# Discipline,when?



## Nameo (Jul 11, 2011)

I have a one year old daughter,and I'm wondering when will the right be to start disciplining her. I'm quite new to fatherhood,so I don't know much and would appreciate some advice.

My daughter has already started misbehaving a little bit,so I'm not sure what to do.
_Posted via Mobile Device_


----------



## Syrum (Feb 22, 2011)

Her misbehaving is just natural curiosity and she has no way of telling the difference between right and wrong. She's just exploring.

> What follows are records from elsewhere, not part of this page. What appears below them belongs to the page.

definition mu :: "nat \<Rightarrow> real measure" where
  "mu d = density lborel (\<lambda>t. ennreal (indicator {-1..1} t * mu_dens d t))"

definition A :: "nat \<Rightarrow> nat \<Rightarrow> (real \<Rightarrow> real) \<Rightarrow> real" where
  "A d n g = (INF p \<in> {p :: real poly. degree p < n}.
                sqrt (integral\<^sup>L (mu d) (\<lambda>t. (g t - poly p t)\<^sup>2)))"

definition psi :: "nat \<Rightarrow> real \<Rightarrow> real" where
  "psi n t = - 2 * real n * pos_part (t + 1) + 2 * real n * pos_part (t - 1)
     + 4 * real n * (\<Sum>j=1..n.
         (-1) ^ (j + n + 1) * pos_part (t - (2 * real j - 1) / (2 * real n))
       + (-1) ^ (j + n) * pos_part (t + (2 * real j - 1) / (2 * real n)))"

end

theory Submission
  imports Defs
begin

(* The nodes b_m = (2m - 1)/(2n) of the sawtooth satisfy psi n b_m = (-1)^(m + n), and psi n is
   affine between consecutive nodes. For n = 3d the function t -> psi n (sqrt d * t) therefore
   performs n - 1 full oscillations -1, 1, -1 inside [-1/sqrt d, 1/sqrt d], where the density of
   mu_d is at least C_d/2 with C_d >= sqrt (d / (8 pi)) (log-convexity of Gamma). A polynomial of
   degree < 2d has at most 2d - 2 critical points, so it is monotone on at least d + 1 of these
   periods, and on each of them it misses the sawtooth by at least 1/2 on a subinterval of length
   1/(4 n sqrt d). Hence the squared L2(mu_d) distance is at least
   d * (C_d/2) * (1/4) / (12 d sqrt d) >= 1/(96 sqrt (8 pi)) > 1/(5 e pi)^2. *)

section \<open>The sawtooth at its nodes\<close>

lemma pos_part_convex_combination:
  fixes x y l c :: real
  assumes "0 \<le> l" "l \<le> 1" "x \<le> y" "y \<le> c \<or> c \<le> x"
  shows "pos_part ((1 - l) * x + l * y - c) = (1 - l) * pos_part (x - c) + l * pos_part (y - c)"
proof -
  have eq: "(1 - l) * x + l * y - c = (1 - l) * (x - c) + l * (y - c)"
    by (simp add: algebra_simps)
  consider "y \<le> c" | "c \<le> x" using assms(4) by blast
  then show ?thesis
  proof cases
    case 1
    then have "(1 - l) * (x - c) \<le> 0" "l * (y - c) \<le> 0"
      using assms by (auto intro: mult_nonneg_nonpos)
    then show ?thesis using 1 assms unfolding eq pos_part_def by auto
  next
    case 2
    then have "(1 - l) * (x - c) \<ge> 0" "l * (y - c) \<ge> 0"
      using assms by auto
    then show ?thesis using 2 assms unfolding eq pos_part_def by auto
  qed
qed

I would say gently guide her, and redirect her behaviour when necessary. I don't think discipline is needed at that age.Young children do however learn to develop empathy at a very young age, and this will be the best way to ensure she grows into a caring young person who does the right thing for the right reason. Help her develop empathy for others. If she hurts someone, let her see you give the other person sympathy, and say that's not nice you wouldn't like it they did that to you etc...


----------



## Nameo (Jul 11, 2011)

Thank you very much for the advice.
_Posted via Mobile Device_


----------



## Nameo (Jul 11, 2011)

Any recommended good books I can read?
_Posted via Mobile Device_


----------



## Mom6547 (Jul 13, 2010)

Nameo said:


> Any recommended good books I can read?
> _Posted via Mobile Device_


Ha!
http://talkaboutmarriage.com/family...nts-figure-whats-wrong-our-child-first-2.html

At 1 you begin the context of discipline. Discipline is not a dirty word that means punish. It is a word that means teach. Teaching at this age is often about redirection. 


The above books are discipline general. Touchpoints series is good for understanding developmental readiness for various ages.

Good luck! You are a concerned parent wanting to learn. You will do fine, fine.


----------



## meson (May 19, 2011)

Syrum said:


> Her misbehaving is just natural curiosity and she has no way of telling the difference between right and wrong. She's just exploring.
> 
> I would say gently guide her, and redirect her behaviour when necessary. I don't think discipline is needed at that age.Young children do however learn to develop empathy at a very young age, and this will be the best way to ensure she grows into a caring young person who does the right thing for the right reason. Help her develop empathy for others. If she hurts someone, let her see you give the other person sympathy, and say that's not nice you wouldn't like it they did that to you etc...


To me this is discipline. Redirecting behavior is a method of enforcing discipline. It is teaching her the rules by which she should live. Don't focus on the bad behavior too much. Focus on her good behavior. Reward and engage her when she is behaving properly. Allowing her to explore is essential but redirect or use timeout for bad behavior. If you provide too much attention to the bad behavior, she may decide she likes that attention and then it becomes a reward which reinforces bad behavior.


----------



## turnera (Jan 22, 2010)

Sit down and watch about 50 episodes of SuperNanny. You'll be a natural in no time!

I would add that it's never to early to start explaining WHY you are using discipline, even if it's just time out. Show them the logic of why it has to be done, so that they can start reasoning it out on their own first.

I raised my DD20 that way. Any time we had to take a corrective action, I explained why, and suggested other ways that she could have chosen, that wouldn't have resulted in getting punished. To get her wheels spinning in her head.

A couple years ago, her dad asked her why she was never getting grounded all the time like most of her friends. She just shrugged and said 'why would I do something that I know is going to get me in trouble?'


----------



## Mom6547 (Jul 13, 2010)

turnera said:


> Sit down and watch about 50 episodes of SuperNanny. You'll be a natural in no time!
> 
> I would add that it's never to early to start explaining WHY you are using discipline, even if it's just time out. Show them the logic of why it has to be done, so that they can start reasoning it out on their own first.
> 
> I raised my DD20 that way. Any time we had to take a corrective action, I explained why, and suggested other ways that she could have chosen, that wouldn't have resulted in getting punished. To get her wheels spinning in her head.


To take this excellent advice one step further, better than explaining is scaffolding / coaching and role playing so that THEY come up with alternate solutions themselves.


----------



## Conrad (Aug 6, 2010)

Mom6547 said:


> To take this excellent advice one step further, better than explaining is scaffolding / coaching and role playing so that THEY come up with alternate solutions themselves.


Indeed.

If it's THEIR idea, they'll actually believe it.


----------